Question

Without a calculator, decide whether the quantities are positive or negative. $$ -48^{0} $$

Short answer

Answer: The given quantity $$-48^0$$ is positive.

Step-by-step solution

Recall the exponent rule for any non-zero number raised to the power of 0

According to the exponent rules, any non-zero number raised to the power of 0 is equal to 1. In other words, $$a^0 = 1$$ for any non-zero number $$a$$.

Apply the exponent rule to the given quantity

In our case, the given quantity is $$-48^0$$. Since -48 is a non-zero number, we can apply the exponent rule mentioned in step 1: $$-48^0 = 1$$

Determine the sign of the result

Now that we have found the value of the given quantity, we can determine its sign. Since the value is 1, which is a positive number, the given quantity is positive.

Key concepts

Exponent Rules

Exponent rules are essential for simplifying mathematical expressions involving repeated multiplication. One critical rule to comprehend is the zero exponent rule. According to this rule, any non-zero number raised to the power of zero equals one. This applies because the idea behind exponents is to multiply a number by itself a certain number of times. When the exponent is zero, it suggests multiplying the number zero times, which results in one.
To put it simply, for any non-zero number \( a \), the equation \( a^0 = 1 \) holds true. This rule is consistent and widely applicable, whether dealing with large numbers or algebraic expressions. Understanding this concept means the ability to simplify expressions efficiently and correctly, contributing to solving more complex math problems effectively.

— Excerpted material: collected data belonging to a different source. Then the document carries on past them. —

lemma exists_vertex_not_generating:
  assumes nontrivial: "carrier G \<noteq> {\<one>\<^bsub>G\<^esub>}" "carrier H \<noteq> {\<one>\<^bsub>H\<^esub>}"
    and x: "x \<in> carrier (G \<times>\<times> H)" "x \<noteq> \<one>\<^bsub>G \<times>\<times> H\<^esub>"
  obtains w where "w \<in> cyc_vertices (G \<times>\<times> H)" "x \<notin> generate (G \<times>\<times> H) {w}"
proof -
  obtain g h where gh: "x = (g, h)" by fastforce
  show ?thesis
  proof (cases "g = \<one>\<^bsub>G\<^esub>")
    case True
    obtain a where a: "a \<in> carrier G" "a \<noteq> \<one>\<^bsub>G\<^esub>" using nontrivial(1) G.one_closed by blast
    have "subgroup (carrier G \<times> {\<one>\<^bsub>H\<^esub>}) (G \<times>\<times> H)"
      by (rule DirProd_subgroups[OF G.is_group G.subgroup_self H.is_group H.triv_subgroup])
    then have "generate (G \<times>\<times> H) {(a, \<one>\<^bsub>H\<^esub>)} \<subseteq> carrier G \<times> {\<one>\<^bsub>H\<^esub>}"
      using a(1) by (intro GH.generate_subgroup_incl) auto
    moreover have "x \<notin> carrier G \<times> {\<one>\<^bsub>H\<^esub>}"
      using x(2) True gh by auto
    ultimately show ?thesis
      using that[of "(a, \<one>\<^bsub>H\<^esub>)"] a by (auto simp: cyc_vertices_def)
  next
    case False
    obtain b where b: "b \<in> carrier H" "b \<noteq> \<one>\<^bsub>H\<^esub>" using nontrivial(2) H.one_closed by blast
    have "subgroup ({\<one>\<^bsub>G\<^esub>} \<times> carrier H) (G \<times>\<times> H)"
      by (rule DirProd_subgroups[OF G.is_group G.triv_subgroup H.is_group H.subgroup_self])
    then have "generate (G \<times>\<times> H) {(\<one>\<^bsub>G\<^esub>, b)} \<subseteq> {\<one>\<^bsub>G\<^esub>} \<times> carrier H"
      using b(1) by (intro GH.generate_subgroup_incl) auto
    moreover have "x \<notin> {\<one>\<^bsub>G\<^esub>} \<times> carrier H"
      using False gh by auto
    ultimately show ?thesis
      using that[of "(\<one>\<^bsub>G\<^esub>, b)"] b by (auto simp: cyc_vertices_def)
  qed
qed

context
  assumes fin_G: "finite (carrier G)" and fin_H: "finite (carrier H)"
begin

lemma finite_carrier_DirProd: "finite (carrier (G \<times>\<times> H))"
  using fin_G fin_H by simp

lemma not_connected_if_p_centralizer:
  assumes nontrivial: "carrier G \<noteq> {\<one>\<^bsub>G\<^esub>}" "carrier H \<noteq> {\<one>\<^bsub>H\<^esub>}"
    and p: "Factorial_Ring.prime p" and x: "x \<in> carrier (G \<times>\<times> H)" "GH.ord x = p"
    and p_group: "is_p_group p (centralizer_of (G \<times>\<times> H) x)"
  shows "\<not> cyc_graph_connected (G \<times>\<times> H)"
proof -
  have "x \<noteq> \<one>\<^bsub>G \<times>\<times> H\<^esub>" using x(2) p by (intro GH.prime_ord_ne_one) simp
  then obtain w where w: "w \<in> cyc_vertices (G \<times>\<times> H)" "x \<notin> generate (G \<times>\<times> H) {w}"
    using exists_vertex_not_generating[OF nontrivial x(1)] by blast
  then have "\<not> (cyc_adj (G \<times>\<times> H))\<^sup>*\<^sup>* x w"
    using GH.in_generate_if_cyc_connected[OF finite_carrier_DirProd x p p_group] by blast
  moreover have "x \<in> cyc_vertices (G \<times>\<times> H)"
    using x(1) \<open>x \<noteq> \<one>\<^bsub>G \<times>\<times> H\<^esub>\<close> by (simp add: cyc_vertices_def)
  ultimately show ?thesis
    using w(1) by (auto simp: cyc_graph_connected_def)
qed
(* Let $\mathsf{K}$ be one of $\mathsf{PSL}$, $\mathsf{ISL}$, $\mathsf{bISL}$, $\mathsf{PDL}$, $\mathsf{IL}$, $\mathsf{HA}$, and let $\mathsf{K}^\partial$ be the associated class of partial maps between posets (defined in the context). For every $\boldsymbol{A},\boldsymbol{B}\in\mathsf{K}$ and all posets $\mathbb{X},\mathbb{Y}$: (i) if $f\colon \boldsymbol{A}\to\boldsymbol{B}$ is a homomorphism, then $f_\ast\colon \boldsymbol{B}_\ast \rightharpoonup \boldsymbol{A}_\ast$ belongs to $\mathsf{K}^\partial$; (ii) if $p\colon\mathbb{X}\rightharpoonup\mathbb{Y}$ belongs to $\mathsf{K}^\partial$, then $\mathsf{Up}_{\mathsf{K}}(p)\colon \mathsf{Up}_{\mathsf{K}}(\mathbb{Y})\to\mathsf{Up}_{\mathsf{K}}(\mathbb{X})$ is a homomorphism. Furthermore, if $f$ is injective then $f_\ast$ is surjective, and if $p$ is surjective then $\mathsf{Up}_{\mathsf{K}}(p)$ is injective.
   Context: Varieties: $\mathsf{PSL}$ = algebras $\langle A;\land,\lnot,0,1\rangle$ with $\langle A;\land\rangle$ a semilattice (order $a\le b$ iff $a\land b=a$) with minimum $0$, maximum $1$, and $c\land a=0\iff c\le\lnot a$; $\mathsf{ISL}$ = algebras $\langle A;\land,\to,1\rangle$, semilattice with maximum $1$ and $c\land a\le b\iff c\le a\to b$; $\mathsf{bISL}$ = $\langle A;\land,\to,0,1\rangle$ with $\langle A;\land,\to,1\rangle\in\mathsf{ISL}$ and $0$ the minimum; $\mathsf{PDL}$ = $\langle A;\land,\lor,\lnot,0,1\rangle$, distributive lattices whose $\langle\land,\lnot,0,1\rangle$-reduct is in $\mathsf{PSL}$; $\mathsf{IL}$ = $\langle A;\land,\lor,\to,1\rangle$, lattices whose $\langle\land,\to,1\rangle$-reduct is in $\mathsf{ISL}$; $\mathsf{HA}$ = Heyting algebras $\langle A;\land,\lor,\to,0,1\rangle$. For an algebra $\boldsymbol{A}$ in one of these, a filter is a nonempty upset of $\langle A;\le\rangle$ closed under $\land$; it is meet irreducible if it is proper and not the intersection of two filters both different from it; $\boldsymbol{A}_\ast$ is the poset of meet irreducible filters ordered by inclusion. A partial function $p\colon X\rightharpoonup Y$ is a function from a subset $\mathsf{dom}(p)\subseteq X$ to $Y$; it is surjective if its range is $Y$; between posets it is order preserving if $x\le z$ in $\mathsf{dom}(p)$ implies $p(x)\le p(z)$. For posets, ${\uparrow}S,{\downarrow}S$ denote the up/down-closures. An order preserving $p\colon\mathbb{X}\rightharpoonup\mathbb{Y}$ is: a partial negative p-morphism if $X={\downarrow}\{x\in X: {\uparrow}x\subseteq\mathsf{dom}(p)\}$ and for all $x\in\mathsf{dom}(p)$, $y\in Y$ with $p(x)\le y$ there is $z\in\mathsf{dom}(p)$ with $x\le z$ and $y\le p(z)$; a partial positive p-morphism if for all $x\in\mathsf{dom}(p)$, $y\in Y$ with $p(x)\le y$ there is $z\in\mathsf{dom}(p)$ with $x\le z$ and $y=p(z)$; a partial p-morphism if both. Dropping "partial" means $p$ is total. $p$ is almost total if $\mathsf{dom}(p)$ is a downset. The classes $\mathsf{K}^\partial$ are: $\mathsf{PSL}^\partial$: partial negative p-morphisms; $\mathsf{ISL}^\partial$: partial positive p-morphisms; $\mathsf{bISL}^\partial$: partial p-morphisms; $\mathsf{PDL}^\partial$: (total) negative p-morphisms; $\mathsf{IL}^\partial$: almost total partial positive p-morphisms; $\mathsf{HA}^\partial$: (total) p-morphisms. For a homomorphism $f\colon\boldsymbol{A}\to\boldsymbol{B}$, $f_\ast\colon\boldsymbol{B}_\ast\rightharpoonup\boldsymbol{A}_\ast$ has domain $\{F\in\boldsymbol{B}_\ast: f^{-1}[F]\in\boldsymbol{A}_\ast\}$ and $f_\ast(F)=f^{-1}[F]$. For a poset $\mathbb{X}$, $\mathsf{Up}_{\mathsf{K}}(\mathbb{X})$ is the reduct to the language of $\mathsf{K}$ of the Heyting algebra $\langle\mathsf{Up}(\mathbb{X});\cap,\cup,\to,\emptyset,X\rangle$ of upsets, where $U\to V = X\smallsetminus{\downarrow}(U\smallsetminus V)$. For $p\colon\mathbb{X}\rightharpoonup\mathbb{Y}$, $\mathsf{Up}_{\mathsf{K}}(p)(U) = X\smallsetminus{\downarrow}p^{-1}[Y\smallsetminus U]$. *)

theory Defs
  imports Main
begin

datatype variety = PSL | ISL | bISL | PDL | IL | HA

text \<open>Algebras in the full Heyting signature; an algebra of a variety K only
  uses the operations of the language of K (the other fields are ignored).\<close>
record 'a alg =
  acar :: "'a set"
  ameet :: "'a \<Rightarrow> 'a \<Rightarrow> 'a"
  ajoin :: "'a \<Rightarrow> 'a \<Rightarrow> 'a"
  aneg :: "'a \<Rightarrow> 'a"
  aimp :: "'a \<Rightarrow> 'a \<Rightarrow> 'a"
  abot :: "'a"
  atop :: "'a"

definition has_join :: "variety \<Rightarrow> bool" where
  "has_join K \<longleftrightarrow> K \<in> {PDL, IL, HA}"
definition has_neg :: "variety \<Rightarrow> bool" where
  "has_neg K \<longleftrightarrow> K \<in> {PSL, PDL}"
definition has_imp :: "variety \<Rightarrow> bool" where
  "has_imp K \<longleftrightarrow> K \<in> {ISL, bISL, IL, HA}"
definition has_bot :: "variety \<Rightarrow> bool" where
  "has_bot K \<longleftrightarrow> K \<in> {PSL, bISL, PDL, HA}"

definition ale :: "'a alg \<Rightarrow> 'a \<Rightarrow> 'a \<Rightarrow> bool" where
  "ale A a b \<longleftrightarrow> ameet A a b = a"

definition closed_K :: "variety \<Rightarrow> 'a alg \<Rightarrow> bool" where
  "closed_K K A \<longleftrightarrow>
     atop A \<in> acar A \<and>
     (\<forall>a\<in>acar A. \<forall>b\<in>acar A. ameet A a b \<in> acar A) \<and>
     (has_join K \<longrightarrow> (\<forall>a\<in>acar A. \<forall>b\<in>acar A. ajoin A a b \<in> acar A)) \<and>
     (has_imp K \<longrightarrow> (\<forall>a\<in>acar A. \<forall>b\<in>acar A. aimp A a b \<in> acar A)) \<and>
     (has_neg K \<longrightarrow> (\<forall>a\<in>acar A. aneg A a \<in> acar A)) \<and>
     (has_bot K \<longrightarrow> abot A \<in> acar A)"

definition semilattice_alg :: "'a alg \<Rightarrow> bool" where
  "semilattice_alg A \<longleftrightarrow>
     (\<forall>a\<in>acar A. ameet A a a = a) \<and>
     (\<forall>a\<in>acar A. \<forall>b\<in>acar A. ameet A a b = ameet A b a) \<and>
     (\<forall>a\<in>acar A. \<forall>b\<in>acar A. \<forall>c\<in>acar A. ameet A (ameet A a b) c = ameet A a (ameet A b c))"

definition lattice_alg :: "'a alg \<Rightarrow> bool" where
  "lattice_alg A \<longleftrightarrow> semilattice_alg A \<and>
     (\<forall>a\<in>acar A. \<forall>b\<in>acar A. ajoin A a b = ajoin A b a) \<and>
     (\<forall>a\<in>acar A. \<forall>b\<in>acar A. \<forall>c\<in>acar A. ajoin A (ajoin A a b) c = ajoin A a (ajoin A b c)) \<and>
     (\<forall>a\<in>acar A. \<forall>b\<in>acar A. ameet A a (ajoin A a b) = a) \<and>
     (\<forall>a\<in>acar A. \<forall>b\<in>acar A. ajoin A a (ameet A a b) = a)"

definition distributive_alg :: "'a alg \<Rightarrow> bool" where
  "distributive_alg A \<longleftrightarrow>
     (\<forall>a\<in>acar A. \<forall>b\<in>acar A. \<forall>c\<in>acar A.
        ameet A a (ajoin A b c) = ajoin A (ameet A a b) (ameet A a c))"

text \<open>Membership of an algebra in the variety K (as in the context):
  PSL: semilattice with min 0, max 1 and pseudocomplement law;
  ISL: semilattice with max 1 and residuation;  bISL: ISL with minimum 0;
  PDL: distributive lattice with PSL-reduct;  IL: lattice with ISL-reduct;
  HA: lattice with bISL-reduct (= Heyting algebra).\<close>
definition in_K :: "variety \<Rightarrow> 'a alg \<Rightarrow> bool" where
  "in_K K A \<longleftrightarrow> closed_K K A \<and> semilattice_alg A \<and>
     (\<forall>a\<in>acar A. ale A a (atop A)) \<and>
     (has_bot K \<longrightarrow> (\<forall>a\<in>acar A. ale A (abot A) a)) \<and>
     (has_neg K \<longrightarrow> (\<forall>a\<in>acar A. \<forall>c\<in>acar A.
         ameet A c a = abot A \<longleftrightarrow> ale A c (aneg A a))) \<and>
     (has_imp K \<longrightarrow> (\<forall>a\<in>acar A. \<forall>b\<in>acar A. \<forall>c\<in>acar A.
         ale A (ameet A c a) b \<longleftrightarrow> ale A c (aimp A a b))) \<and>
     (has_join K \<longrightarrow> lattice_alg A) \<and>
     (K = PDL \<longrightarrow> distributive_alg A)"

definition hom_K :: "variety \<Rightarrow> 'a alg \<Rightarrow> 'b alg \<Rightarrow> ('a \<Rightarrow> 'b) \<Rightarrow> bool" where
  "hom_K K A B f \<longleftrightarrow>
     (\<forall>a\<in>acar A. f a \<in> acar B) \<and>
     f (atop A) = atop B \<and>
     (\<forall>a\<in>acar A. \<forall>b\<in>acar A. f (ameet A a b) = ameet B (f a) (f b)) \<and>
     (has_join K \<longrightarrow> (\<forall>a\<in>acar A. \<forall>b\<in>acar A. f (ajoin A a b) = ajoin B (f a) (f b))) \<and>
     (has_imp K \<longrightarrow> (\<forall>a\<in>acar A. \<forall>b\<in>acar A. f (aimp A a b) = aimp B (f a) (f b))) \<and>
     (has_neg K \<longrightarrow> (\<forall>a\<in>acar A. f (aneg A a) = aneg B (f a))) \<and>
     (has_bot K \<longrightarrow> f (abot A) = abot B)"

definition is_filter :: "'a alg \<Rightarrow> 'a set \<Rightarrow> bool" where
  "is_filter A F \<longleftrightarrow> F \<subseteq> acar A \<and> F \<noteq> {} \<and>
     (\<forall>a\<in>F. \<forall>b\<in>acar A. ale A a b \<longrightarrow> b \<in> F) \<and>
     (\<forall>a\<in>F. \<forall>b\<in>F. ameet A a b \<in> F)"

definition mi_filter :: "'a alg \<Rightarrow> 'a set \<Rightarrow> bool" where
  "mi_filter A F \<longleftrightarrow> is_filter A F \<and> F \<noteq> acar A \<and>
     (\<forall>G H. is_filter A G \<and> is_filter A H \<and> F = G \<inter> H \<longrightarrow> G = F \<or> H = F)"

text \<open>The carrier of \<open>A\<^sub>*\<close>; it is ordered by inclusion.\<close>
definition dual_set :: "'a alg \<Rightarrow> 'a set set" where
  "dual_set A = {F. mi_filter A F}"

definition preimg :: "'a alg \<Rightarrow> ('a \<Rightarrow> 'b) \<Rightarrow> 'b set \<Rightarrow> 'a set" where
  "preimg A f F = {a \<in> acar A. f a \<in> F}"

definition fstar :: "'a alg \<Rightarrow> 'b alg \<Rightarrow> ('a \<Rightarrow> 'b) \<Rightarrow> 'b set \<Rightarrow> 'a set option" where
  "fstar A B f F = (if F \<in> dual_set B \<and> preimg A f F \<in> dual_set A
                    then Some (preimg A f F) else None)"

definition poset :: "'x set \<Rightarrow> ('x \<Rightarrow> 'x \<Rightarrow> bool) \<Rightarrow> bool" where
  "poset X le \<longleftrightarrow> (\<forall>x\<in>X. le x x) \<and>
     (\<forall>x\<in>X. \<forall>y\<in>X. le x y \<and> le y x \<longrightarrow> x = y) \<and>
     (\<forall>x\<in>X. \<forall>y\<in>X. \<forall>z\<in>X. le x y \<and> le y z \<longrightarrow> le x z)"
lemma lcs_subset_generate_iterated_commutators:
  assumes B: "B \<subseteq> H" "generate G B = H"
  shows "lcs i \<subseteq> generate G (iterated_commutators G B i \<union> lcs (Suc i))"
proof (induction i)
  case 0
  have "generate G B \<subseteq> generate G (B \<union> lcs 1)"
    by (rule mono_generate) blast
  then show ?case
    using B by simp
next
  case (Suc i)
  define W where "W = generate G (iterated_commutators G B (Suc i) \<union> lcs (Suc (Suc i)))"
  have gens_W: "iterated_commutators G B (Suc i) \<subseteq> W" "lcs (Suc (Suc i)) \<subseteq> W"
    unfolding W_def by (auto intro: generate.incl)
  have gens_lcs: "iterated_commutators G B (Suc i) \<union> lcs (Suc (Suc i)) \<subseteq> lcs (Suc i)"
    using iterated_commutators_subset_lcs[OF B(1)] lcs_Suc_subset by blast
  have W_subgroup: "subgroup W G"
    unfolding W_def using gens_lcs lcs_subset subset by (intro generate_is_subgroup) blast
  have W_lcs: "W \<subseteq> lcs (Suc i)"
    unfolding W_def using gens_lcs normal_imp_subgroup[OF lcs_normal_subgroup]
    by (rule generate_subgroup_incl)
  have comm_W: "commutator G n w \<in> W" if "n \<in> H" "w \<in> W" for n w
    using that W_lcs gens_W commutator_mem_lcs_Suc by blast
  have conj_W: "n \<otimes> w \<otimes> inv n \<in> W" if "n \<in> H" "w \<in> W" for n w
  proof -
    have "commutator G n w \<otimes> w \<in> W"
      using that comm_W subgroup.m_closed[OF W_subgroup] by blast
    moreover have "w \<in> carrier G"
      using subgroup.mem_carrier[OF W_subgroup that(2)] .
    ultimately show ?thesis
      using conj_eq_commutator_mult[OF mem_carrier[OF that(1)]] by simp
  qed
  have comm_gen: "commutator G x c \<in> W" if "x \<in> H" "c \<in> iterated_commutators G B i" for x c
  proof (rule commutator_left_mem_generate[OF W_subgroup conj_W _ B(1)])
    show "c \<in> carrier G"
      using that iterated_commutators_subset_lcs[OF B(1)] lcs_subset subset by blast
    show "commutator G b c \<in> W" if "b \<in> B" for b
      using that \<open>c \<in> iterated_commutators G B i\<close> gens_W(1) by force
    show "x \<in> generate G B"
      using that B(2) by blast
  qed
  have "commutator G x y \<in> W" if "x \<in> H" "y \<in> lcs i" for x y
  proof (rule commutator_right_mem_generate[OF W_subgroup conj_W mem_carrier[OF that(1)]])
    show "iterated_commutators G B i \<union> lcs (Suc i) \<subseteq> H"
      using iterated_commutators_subset_lcs[OF B(1)] lcs_subset by blast
    show "commutator G x c \<in> W" if "c \<in> iterated_commutators G B i \<union> lcs (Suc i)" for c
      using that \<open>x \<in> H\<close> comm_gen gens_W(2) commutator_mem_lcs_Suc by blast
    show "y \<in> generate G (iterated_commutators G B i \<union> lcs (Suc i))"
      using that Suc.IH by blast
  qed
  then have "lcs (Suc i) \<subseteq> W"
    by (subst lcs_Suc_eq_generate) (rule generate_subgroup_incl[OF _ W_subgroup], blast)
  then show ?case
    by (simp add: W_def)
qed

end

section \<open>Subgroups of finite index\<close>

context group begin

lemma finite_index_transversal:
  assumes H: "subgroup H G" and fin: "finite (rcosets H)"
  obtains \<rho> where "finite (\<rho> ` carrier G)"
    and "\<And>x. x \<in> carrier G \<Longrightarrow> \<rho> x \<in> carrier G"
    and "\<And>x. x \<in> carrier G \<Longrightarrow> x \<otimes> inv (\<rho> x) \<in> H"
    and "\<And>x. x \<in> H \<Longrightarrow> \<rho> x = \<one>"
proof -
  define \<rho> where "\<rho> x = (if x \<in> H then \<one> else SOME t. t \<in> H #> x)" for x
  have "\<rho> ` carrier G \<subseteq> insert \<one> ((\<lambda>C. SOME t. t \<in> C) ` (rcosets H))"
  proof
    fix t assume "t \<in> \<rho> ` carrier G"
    then obtain x where x: "x \<in> carrier G" "t = \<rho> x" by blast
    have "H #> x \<in> rcosets H"
      using x by (auto simp: RCOSETS_def)
    then show "t \<in> insert \<one> ((\<lambda>C. SOME t. t \<in> C) ` (rcosets H))"
      using x by (auto simp: \<rho>_def)
  qed
  then have "finite (\<rho> ` carrier G)"
    using fin finite_subset by auto
  moreover have "\<rho> x \<in> carrier G \<and> x \<otimes> inv (\<rho> x) \<in> H" if x: "x \<in> carrier G" for x
  proof -
    have "\<exists>h\<in>H. \<rho> x = h \<otimes> x"
    proof (cases "x \<in> H")
      case True
      then show ?thesis
        using H x by (intro bexI[of _ "inv x"]) (auto simp: \<rho>_def subgroup.m_inv_closed)
    next
      case False
      have "(SOME t. t \<in> H #> x) \<in> H #> x"
        using rcos_self[OF x H] by (rule someI)
      then show ?thesis
        using False by (auto simp: \<rho>_def r_coset_def)
    qed
    then obtain h where h: "h \<in> H" "\<rho> x = h \<otimes> x"
      by blast
    have hc: "h \<in> carrier G"
      using subgroup.mem_carrier[OF H h(1)] .
    have "x \<otimes> inv (\<rho> x) = inv h"
      using h hc x by (simp add: inv_mult_group m_assoc)
    then show ?thesis
      using h hc x subgroup.m_inv_closed[OF H h(1)] by simp
  qed
  moreover have "\<rho> x = \<one>" if "x \<in> H" for x
    using that by (simp add: \<rho>_def)
  ultimately show ?thesis
    using that by blast
qed

lemma mult_generate_closed:
  assumes S: "S \<subseteq> carrier G" "\<And>s. s \<in> S \<Longrightarrow> inv s \<in> S"
    and P: "P \<subseteq> carrier G" "\<And>z s. z \<in> P \<Longrightarrow> s \<in> S \<Longrightarrow> z \<otimes> s \<in> P"
    and h: "h \<in> generate G S"
  shows "z \<in> P \<Longrightarrow> z \<otimes> h \<in> P"
  using h
proof (induction arbitrary: z)
  case one
  then show ?case
    using P(1) by auto
next
  case (incl s)
  then show ?case by (simp add: P(2))
next
  case (inv s)
  then show ?case by (simp add: P(2) S(2))
next
  case (eng h1 h2)
  have "z \<in> carrier G" "h1 \<in> carrier G" "h2 \<in> carrier G"
    using eng P(1) generate_in_carrier[OF S(1)] by auto
  then show ?case
    using eng.IH eng.prems by (simp add: m_assoc[symmetric])
qed

text \<open>Schreier's lemma: with a transversal \<open>\<rho>\<close>, the elements \<open>t s \<rho>(t s)\<^sup>-\<^sup>1\<close>
  generate \<open>H\<close>.\<close>

lemma finite_index_subgroup_finitely_generated:
  assumes H: "subgroup H G" "finite (rcosets H)" and S: "finite_symmetric_generating G S"
  obtains B where "finite B" "B \<subseteq> H" "generate G B = H"
proof -
  obtain \<rho> where fin: "finite (\<rho> ` carrier G)"
    and \<rho>: "\<And>x. x \<in> carrier G \<Longrightarrow> \<rho> x \<in> carrier G"
      "\<And>x. x \<in> carrier G \<Longrightarrow> x \<otimes> inv (\<rho> x) \<in> H"
      "\<And>x. x \<in> H \<Longrightarrow> \<rho> x = \<one>"
    using finite_index_transversal[OF H] by blast
  have S_carrier: "S \<subseteq> carrier G" and S_inv: "\<And>s. s \<in> S \<Longrightarrow> inv s \<in> S"
    and S_gen: "generate G S = carrier G" and S_fin: "finite S"
    using S by (auto simp: finite_symmetric_generating_def)
  define T where "T = \<rho> ` carrier G"
  define B where "B = (\<lambda>(t, s). t \<otimes> s \<otimes> inv (\<rho> (t \<otimes> s))) ` (T \<times> S)"
  define P where "P = {n \<otimes> t | n t. n \<in> generate G B \<and> t \<in> T}"
  have T_carrier: "T \<subseteq> carrier G"
    using \<rho>(1) by (auto simp: T_def)
  have B_H: "B \<subseteq> H"
    using \<rho>(2) T_carrier S_carrier by (force simp: B_def)
  have gen_B_H: "generate G B \<subseteq> H"
    using generate_subgroup_incl[OF B_H H(1)] .
  have gen_B_carrier: "generate G B \<subseteq> carrier G"
    using gen_B_H subgroup.subset[OF H(1)] by blast
  have P_carrier: "P \<subseteq> carrier G"
    using gen_B_carrier T_carrier by (auto simp: P_def)
  have P_step: "z \<otimes> s \<in> P" if "z \<in> P" "s \<in> S" for z s
  proof -
    obtain n t where nt: "n \<in> generate G B" "t \<in> T" "z = n \<otimes> t"
      using \<open>z \<in> P\<close> by (auto simp: P_def)
    have c: "n \<in> carrier G" "t \<in> carrier G" "s \<in> carrier G"
      using nt that gen_B_carrier T_carrier S_carrier by auto
    then have c': "\<rho> (t \<otimes> s) \<in> carrier G"
      using \<rho>(1) by simp
    have "z \<otimes> s = (n \<otimes> (t \<otimes> s \<otimes> inv (\<rho> (t \<otimes> s)))) \<otimes> \<rho> (t \<otimes> s)"
      using nt c c' by (simp add: m_assoc)
    moreover have "t \<otimes> s \<otimes> inv (\<rho> (t \<otimes> s)) \<in> B"
      using nt that by (auto simp: B_def)
    then have "n \<otimes> (t \<otimes> s \<otimes> inv (\<rho> (t \<otimes> s))) \<in> generate G B"
      using nt(1) by (auto intro: generate.eng generate.incl)
    moreover have "\<rho> (t \<otimes> s) \<in> T"
      using c by (simp add: T_def)
    ultimately show ?thesis
      by (auto simp: P_def)
  qed
  have "\<one> \<in> T"
    using \<rho>(3)[OF subgroup.one_closed[OF H(1)]] by (force simp: T_def)
  then have one_P: "\<one> \<in> P"
    by (force simp: P_def intro: generate.one)
  have "H \<subseteq> generate G B"
  proof
    fix x assume x: "x \<in> H"
    have xc: "x \<in> carrier G"
      using subgroup.mem_carrier[OF H(1) x] .
    have "\<one> \<otimes> x \<in> P"
      using mult_generate_closed[OF S_carrier S_inv P_carrier P_step _ one_P] S_gen xc by blast
    then obtain n t where nt: "n \<in> generate G B" "t \<in> T" "x = n \<otimes> t"
      using xc by (auto simp: P_def)
    obtain w where w: "w \<in> carrier G" "t = \<rho> w"
      using nt(2) by (auto simp: T_def)
    have nc: "n \<in> carrier G" "t \<in> carrier G"
      using nt gen_B_carrier T_carrier by auto
    have "t = inv n \<otimes> x"
      using nt nc by simp
    then have "t \<in> H"
      using x gen_B_H nt(1) subgroup.m_inv_closed[OF H(1)] subgroup.m_closed[OF H(1)] by auto
    then have "w \<in> H"
      using \<rho>(2)[OF w(1)] w subgroup.m_closed[OF H(1)] nc
      by (metis inv_closed m_assoc l_inv r_one)
    then show "x \<in> generate G B"
      using nt nc w \<rho>(3) by simp
  qed
  moreover have "finite B"
    using fin S_fin by (simp add: B_def T_def)
  ultimately show ?thesis
    using that B_H gen_B_H by blast
qed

Positive and Negative Numbers

When dealing with expressions, understanding the signs—positive and negative—of numbers is crucial. A positive number is greater than zero, while a negative number is less than zero. The transition between different signs can significantly alter the value of a mathematical expression.
In the context of the given problem, the expression \(-48^0\) involves a zero exponent applied to a negative number.

• The expression \(-48^0\) represents a negative number "-48" raised to the zero power.
• Applying the zero exponent rule, any non-zero number powered by zero equals 1. So although originally negative, the outcome here is positive 1.

Moreover, understanding signs is foundational in algebraic expressions, impacting everything from basic arithmetic visualizations to complex algebraic problem-solving.

Algebraic Expressions

Algebraic expressions are combinations of numbers, variables, and operations. Variables serve as symbols representing values that can change. The expressions may involve addition, subtraction, multiplication, division, and powers (exponents).
Grasping exponentiation within algebraic expressions is crucial, as it dictates how terms combine and simplify. The zero exponent plays a pivotal role, allowing simplifications that can reduce complexity. For example, in simplifying \(-48^0\), the expression itself simplifies based on the zero exponent principle to a decisive result of 1.Handling such expressions requires familiarity with operator precedence, which dictates the sequence of execution. Parentheses are also vital in maintaining clarity and ensuring accurate application of operations. This knowledge empowers students to navigate algebraic problems with confidence, ensuring accurate results and fostering a deeper grasp of mathematical concepts.